Problem to work on
Some entries follow. Reproduce exactly the lines starting at the one with "Y) = transpose" and stopping after the one with "(simp add: inner_congruence_matrix_vector)".

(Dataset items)

····················

(* Let $W=e^{-q}$ be the bivariate Freud weight and $\{\mathbb{P}_n\}$ an orthonormal polynomial system for it, with matrices $G_n$, $A_{n,i}$, $B_{n,i}$, $C_{n,i}$ as in the context. Then for $i=1,2$: (i) $A_{n,i}=G_nL_{n,i}G_{n+1}^{-1}$ for $n\geqslant0$; (ii) $B_{n,i}=G_nL_{n-1,i}^TN_{n,i}G_{n-1}^{-1}$ for $n\geqslant1$; (iii) $C_{n,i}^T=G_{n-3}L_{n-3,i}L_{n-2,i}L_{n-1,i}K_{n,i}G_n^{-1}$ for $n\geqslant3$. Moreover, the matrix $A_{n,i}^{-1}:=G_{n+1}L_{n,i}^TG_n^{-1}$ is a right (pseudo) inverse of $A_{n,i}$, i.e. $A_{n,i}A_{n,i}^{-1}=I_{n+1}$.
   Context: Parameters $a_{4,0},a_{2,2},a_{0,4}\geqslant0$, $a_{2,0},a_{0,2}\in\mathbb{R}$, $a_{4,0}+a_{2,2}>0$, $a_{2,2}+a_{0,4}>0$; $q(x,y)=a_{4,0}x^4+a_{2,2}x^2y^2+a_{0,4}y^4+a_{2,0}x^2+a_{0,2}y^2$, $W=e^{-q}$ on $\mathbb{R}^2$, inner product $(f,g)=\iint fgW\,dx\,dy$ (entrywise on vectors). $\mathbb{X}_n=(x^n,x^{n-1}y,\dots,y^n)^T$. An orthonormal polynomial system is a sequence of column vectors $\mathbb{P}_n=(P_{n,0},\dots,P_{n,n})^T$ of linearly independent polynomials of exact total degree $n$ with $(\mathbb{P}_n,\mathbb{P}_m^T)=\delta_{nm}I_{n+1}$. Write $\mathbb{P}_n=\sum_{k=0}^nG^n_k\mathbb{X}_k$, $G_n:=G^n_n$ invertible. $A_{n,i}$ ($(n+1)\times(n+2)$) are defined by $x\mathbb{P}_n=A_{n,1}\mathbb{P}_{n+1}+A_{n-1,1}^T\mathbb{P}_{n-1}$, $y\mathbb{P}_n=A_{n,2}\mathbb{P}_{n+1}+A_{n-1,2}^T\mathbb{P}_{n-1}$ ($\mathbb{P}_{-1}=0$). $B_{n,i}$ ($(n+1)\times n$) and $C_{n,i}$ ($(n+1)\times(n-2)$, zero for $n=1,2$) are the matrices in the structure relations $\partial_x\mathbb{P}_n=B_{n,1}\mathbb{P}_{n-1}+C_{n,1}\mathbb{P}_{n-3}$, $\partial_y\mathbb{P}_n=B_{n,2}\mathbb{P}_{n-1}+C_{n,2}\mathbb{P}_{n-3}$ ($n\geqslant1$, $\mathbb{P}_{-2}=\mathbb{P}_{-1}=0$), which hold for this weight. $L_{n,1}=(I_{n+1}\,|\,0)$, $L_{n,2}=(0\,|\,I_{n+1})$ ($(n+1)\times(n+2)$). $N_{n,1}=\mathrm{diag}(n,n-1,\dots,1)$, $N_{n,2}=\mathrm{diag}(1,\dots,n)$ ($n\times n$). $K_{n,1}$ is the $(n+1)\times(n+1)$ upper triangular matrix with diagonal entries $4a_{4,0}$, entries $(j,j+2)$ equal to $2a_{2,2}$, others zero; $K_{n,2}$ is the $(n+1)\times(n+1)$ lower triangular matrix with diagonal entries $4a_{0,4}$, entries $(j+2,j)$ equal to $2a_{2,2}$, others zero. *)

theory Defs
  imports "HOL-Analysis.Analysis" "Jordan_Normal_Form.Matrix"
begin

definition freud_q :: "real \<Rightarrow> real \<Rightarrow> real \<Rightarrow> real \<Rightarrow> real \<Rightarrow> real \<times> real \<Rightarrow> real" where
  "freud_q a40 a22 a04 a20 a02 p =
     (case p of (x, y) \<Rightarrow> a40 * x^4 + a22 * x^2 * y^2 + a04 * y^4 + a20 * x^2 + a02 * y^2)"

definition freud_W :: "real \<Rightarrow> real \<Rightarrow> real \<Rightarrow> real \<Rightarrow> real \<Rightarrow> real \<times> real \<Rightarrow> real" where
  "freud_W a40 a22 a04 a20 a02 p = exp (- freud_q a40 a22 a04 a20 a02 p)"

definition monvec :: "nat \<Rightarrow> real \<times> real \<Rightarrow> real vec" where
  "monvec k p = (case p of (x, y) \<Rightarrow> vec (k + 1) (\<lambda>l. x ^ (k - l) * y ^ l))"
lemma inner_symmetric_matrix: "transpose P = P \<Longrightarrow> x \<bullet> (P *v y) = y \<bullet> (P *v x)"
  for P :: "real^'n^'n"
  by (metis inner_transpose_matrix_vector inner_commute)

lemma transpose_add: "transpose (X + Y) = transpose X + transpose Y"
  for X Y :: "real^'n^'m"
  by (simp add: transpose_def vec_eq_iff)

lemma transpose_congruence: "transpose P = P \<Longrightarrow> transpose (transpose K ** P ** K) = transpose K ** P ** K"
  for K :: "real^'n^'m" and P :: "real^'m^'m"
  by (simp add: matrix_transpose_mul matrix_mul_assoc)

lemma pd_imp_psd_mat: "pd_mat P \<Longrightarrow> psd_mat P"
  unfolding pd_mat_def psd_mat_def by (metis inner_zero_left order.refl less_imp_le)

lemma psd_mat_add: "psd_mat P \<Longrightarrow> psd_mat S \<Longrightarrow> psd_mat (P + S)"
  unfolding psd_mat_def by (simp add: matrix_vector_mult_add_rdistrib inner_add_right)

lemma pd_psd_mat_add: "pd_mat P \<Longrightarrow> psd_mat S \<Longrightarrow> pd_mat (P + S)"
  unfolding pd_mat_def psd_mat_def
  by (simp add: matrix_vector_mult_add_rdistrib inner_add_right add_pos_nonneg)

lemma psd_mat_congruence: "psd_mat P \<Longrightarrow> psd_mat (transpose K ** P ** K)"
  for K :: "real^'n^'m" and P :: "real^'m^'m"
  unfolding psd_mat_def by (simp add: inner_congruence_matrix_vector)

lemma pd_mat_invertible: "pd_mat P \<Longrightarrow> invertible P"
  unfolding pd_mat_def invertible_left_inverse matrix_left_invertible_ker
  by (metis inner_zero_right less_irrefl)

lemma invertible_matrix_inv_right: "invertible A \<Longrightarrow> A ** matrix_inv A = mat 1"
  for A :: "real^'n^'n"
  unfolding invertible_def matrix_inv_def by (rule someI2_ex) auto

lemma backward_fixpoint_exists:
  fixes F :: "(nat \<Rightarrow> 'a) \<Rightarrow> nat \<Rightarrow> 'a"
  assumes F_later: "\<And>\<Phi> \<Psi> k. k < N \<Longrightarrow> (\<And>l. k < l \<Longrightarrow> l < N \<Longrightarrow> \<Phi> l = \<Psi> l) \<Longrightarrow> F \<Phi> k = F \<Psi> k"
  shows "\<exists>\<Phi>. \<forall>k<N. \<Phi> k = F \<Phi> k"
proof -
  have "\<exists>\<Phi>. \<forall>k. N - i \<le> k \<longrightarrow> k < N \<longrightarrow> \<Phi> k = F \<Phi> k" for i
  proof (induction i)
    case (Suc i)
    then obtain \<Phi> where \<Phi>: "\<forall>k. N - i \<le> k \<longrightarrow> k < N \<longrightarrow> \<Phi> k = F \<Phi> k" by blast
    define k0 where "k0 = N - Suc i"
    define \<Psi> where "\<Psi> = \<Phi>(k0 := F \<Phi> k0)"
    have "\<Psi> k = F \<Psi> k" if "N - Suc i \<le> k" "k < N" for k
    proof -
      have "F \<Psi> k = F \<Phi> k"
        by (rule F_later) (use that in \<open>auto simp: \<Psi>_def k0_def\<close>)
      then show ?thesis using \<Phi> that by (auto simp: \<Psi>_def k0_def)
    qed
    then show ?case by blast
  qed simp
  from this[of N] show ?thesis by auto
qed

section \<open>The noise filtration\<close>

locale noise_filtration = prob_space M for M :: "'w measure" +
  fixes x0 :: "'w \<Rightarrow> 'a::topological_space" and w :: "nat \<Rightarrow> 'w \<Rightarrow> real"
  assumes x0_measurable: "x0 \<in> borel_measurable M"
    and w_measurable [measurable]: "\<And>k. w k \<in> borel_measurable M"
    and w_square_integrable: "\<And>k. integrable M (\<lambda>\<omega>. (w k \<omega>)\<^sup>2)"
    and w_cond_mean: "\<And>k. AE \<omega> in M. real_cond_exp M (Fpre M x0 w k) (w k) \<omega> = 0"
    and w_cond_square: "\<And>k. AE \<omega> in M. real_cond_exp M (Fpre M x0 w k) (\<lambda>\<omega>. (w k \<omega>)\<^sup>2) \<omega> = 1"
begin

definition generators :: "nat \<Rightarrow> 'w set set" where
  "generators k = {x0 -` S \<inter> space M | S. S \<in> sets borel} \<union>
      (\<Union>l\<in>{..k}. {w l -` S \<inter> space M | S. S \<in> sets borel})"

lemma generators_subset: "generators k \<subseteq> sets M"
  unfolding generators_def using x0_measurable by (auto simp: measurable_sets)

lemma generators_Pow: "generators k \<subseteq> Pow (space M)"
  unfolding generators_def by auto

lemma generators_mono: "k \<le> j \<Longrightarrow> generators k \<subseteq> generators j"
  unfolding generators_def by (intro Un_mono subset_refl UN_mono) auto

lemma Fpre_eq: "Fpre M x0 w k = sigma (space M) (if k = 0 then {} else generators (k - 1))"
  unfolding Fpre_def Ffilt_def generators_def by simp

lemma space_Fpre [simp]: "space (Fpre M x0 w k) = space M"
  unfolding Fpre_eq using generators_Pow by auto

lemma sets_Fpre:
  "sets (Fpre M x0 w k) = sigma_sets (space M) (if k = 0 then {} else generators (k - 1))"
  unfolding Fpre_eq using generators_Pow by auto

lemma subalgebra_Fpre_mono: "k \<le> j \<Longrightarrow> subalgebra (Fpre M x0 w j) (Fpre M x0 w k)"
  unfolding subalgebra_def sets_Fpre
  using generators_mono[OF diff_le_mono, of k j 1] by (auto intro!: sigma_sets_mono')

lemma subalgebra_Fpre: "subalgebra M (Fpre M x0 w k)"
  unfolding subalgebra_def sets_Fpre using generators_subset
  by (auto intro!: sets.sigma_sets_subset)

lemma measurable_Fpre_mono: "f \<in> measurable (Fpre M x0 w k) X \<Longrightarrow> k \<le> j \<Longrightarrow> f \<in> measurable (Fpre M x0 w j) X"
  using measurable_from_subalg subalgebra_Fpre_mono by blast

lemma measurable_Fpre_imp_measurable: "f \<in> measurable (Fpre M x0 w k) X \<Longrightarrow> f \<in> measurable M X"
  using measurable_from_subalg subalgebra_Fpre by blast

lemma w_measurable_Fpre_Suc: "w k \<in> borel_measurable (Fpre M x0 w (Suc k))"
proof (rule measurableI)
  fix S :: "real set" assume "S \<in> sets borel"
  then have "w k -` S \<inter> space M \<in> generators k" unfolding generators_def by blast
  then show "w k -` S \<inter> space (Fpre M x0 w (Suc k)) \<in> sets (Fpre M x0 w (Suc k))"
    unfolding sets_Fpre by auto
qed simp

lemma sigma_finite_subalgebra_Fpre: "sigma_finite_subalgebra M (Fpre M x0 w k)"
proof -
  have "finite_measure_subalgebra M (Fpre M x0 w k)"
    by unfold_locales (rule subalgebra_Fpre)
  then show ?thesis by (rule finite_measure_subalgebra_is_sigma_finite)
qed

text \<open>The real conditional expectation yields \<open>E[h w\<^sub>k\<^sup>2] = E[h]\<close> only once \<open>h w\<^sub>k\<^sup>2\<close> is known to
  be integrable; that integrability comes from the nonnegative conditional expectation.\<close>

lemma nn_cond_exp_w_square: "AE x in M. nn_cond_exp M (Fpre M x0 w k) (\<lambda>x. ennreal ((w k x)\<^sup>2)) x = 1"
proof -
  interpret sigma_finite_subalgebra M "Fpre M x0 w k" by (rule sigma_finite_subalgebra_Fpre)
  let ?g = "\<lambda>x. ennreal ((w k x)\<^sup>2)"
  have "(\<integral>\<^sup>+x. nn_cond_exp M (Fpre M x0 w k) ?g x \<partial>M) = (\<integral>\<^sup>+x. ?g x \<partial>M)"
    using nn_cond_exp_intg[of "\<lambda>_. 1" ?g] by simp
  also have "\<dots> < \<infinity>"
    using w_square_integrable[of k] by (simp add: integrable_iff_bounded)
  finally have finite: "AE x in M. nn_cond_exp M (Fpre M x0 w k) ?g x \<noteq> \<infinity>"
    by (intro nn_integral_PInf_AE borel_measurable_nn_cond_exp2) simp
  have "AE x in M. nn_cond_exp M (Fpre M x0 w k) (\<lambda>x. ennreal (- (w k x)\<^sup>2)) x = 0"
    using nn_cond_exp_F_meas[of "\<lambda>_. 0"] by (simp add: ennreal_neg)
  then show ?thesis
    using finite w_cond_square[of k]
  proof eventually_elim
    case (elim x)
    let ?c = "nn_cond_exp M (Fpre M x0 w k) ?g x"
    have "enn2real ?c = 1" using elim unfolding real_cond_exp_def by simp
    moreover have "?c = ennreal (enn2real ?c)" using elim(2) by (simp add: less_top)
    ultimately show ?case by simp
  qed
qed

lemma nn_integral_mult_w_square:
  assumes "h \<in> borel_measurable (Fpre M x0 w k)"
  shows "(\<integral>\<^sup>+x. ennreal (h x) * ennreal ((w k x)\<^sup>2) \<partial>M) = (\<integral>\<^sup>+x. ennreal (h x) \<partial>M)"
proof -
  interpret sigma_finite_subalgebra M "Fpre M x0 w k" by (rule sigma_finite_subalgebra_Fpre)
  have "(\<integral>\<^sup>+x. ennreal (h x) * ennreal ((w k x)\<^sup>2) \<partial>M)
      = (\<integral>\<^sup>+x. ennreal (h x) * nn_cond_exp M (Fpre M x0 w k) (\<lambda>x. ennreal ((w k x)\<^sup>2)) x \<partial>M)"
    using assms by (intro nn_cond_exp_intg[symmetric]) auto
  also have "\<dots> = (\<integral>\<^sup>+x. ennreal (h x) \<partial>M)"
    using nn_cond_exp_w_square[of k] by (intro nn_integral_cong_AE) auto
  finally show ?thesis .
qed

lemma integrable_mult_w_square:
  assumes "h \<in> borel_measurable (Fpre M x0 w k)" and "integrable M h"
  shows "integrable M (\<lambda>x. h x * (w k x)\<^sup>2)"
proof -
  have [measurable]: "h \<in> borel_measurable M"
    using assms(1) by (rule measurable_Fpre_imp_measurable)
  have "(\<integral>\<^sup>+x. ennreal (norm (h x * (w k x)\<^sup>2)) \<partial>M) = (\<integral>\<^sup>+x. ennreal \<bar>h x\<bar> * ennreal ((w k x)\<^sup>2) \<partial>M)"
    by (simp add: abs_mult ennreal_mult)
  also have "\<dots> = (\<integral>\<^sup>+x. ennreal (norm (h x)) \<partial>M)"
    using assms(1) by (simp add: nn_integral_mult_w_square)
  also have "\<dots> < \<infinity>"
    using assms(2) by (simp add: integrable_iff_bounded)
  finally show ?thesis by (intro integrableI_bounded) auto
qed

····················

Solution
lemma transpose_add: "transpose (X + Y) = transpose X + transpose Y"
  for X Y :: "real^'n^'m"
  by (simp add: transpose_def vec_eq_iff)

lemma transpose_congruence: "transpose P = P \<Longrightarrow> transpose (transpose K ** P ** K) = transpose K ** P ** K"
  for K :: "real^'n^'m" and P :: "real^'m^'m"
  by (simp add: matrix_transpose_mul matrix_mul_assoc)

lemma pd_imp_psd_mat: "pd_mat P \<Longrightarrow> psd_mat P"
  unfolding pd_mat_def psd_mat_def by (metis inner_zero_left order.refl less_imp_le)

lemma psd_mat_add: "psd_mat P \<Longrightarrow> psd_mat S \<Longrightarrow> psd_mat (P + S)"
  unfolding psd_mat_def by (simp add: matrix_vector_mult_add_rdistrib inner_add_right)

lemma pd_psd_mat_add: "pd_mat P \<Longrightarrow> psd_mat S \<Longrightarrow> pd_mat (P + S)"
  unfolding pd_mat_def psd_mat_def
  by (simp add: matrix_vector_mult_add_rdistrib inner_add_right add_pos_nonneg)

lemma psd_mat_congruence: "psd_mat P \<Longrightarrow> psd_mat (transpose K ** P ** K)"
  for K :: "real^'n^'m" and P :: "real^'m^'m"
  unfolding psd_mat_def by (simp add: inner_congruence_matrix_vector)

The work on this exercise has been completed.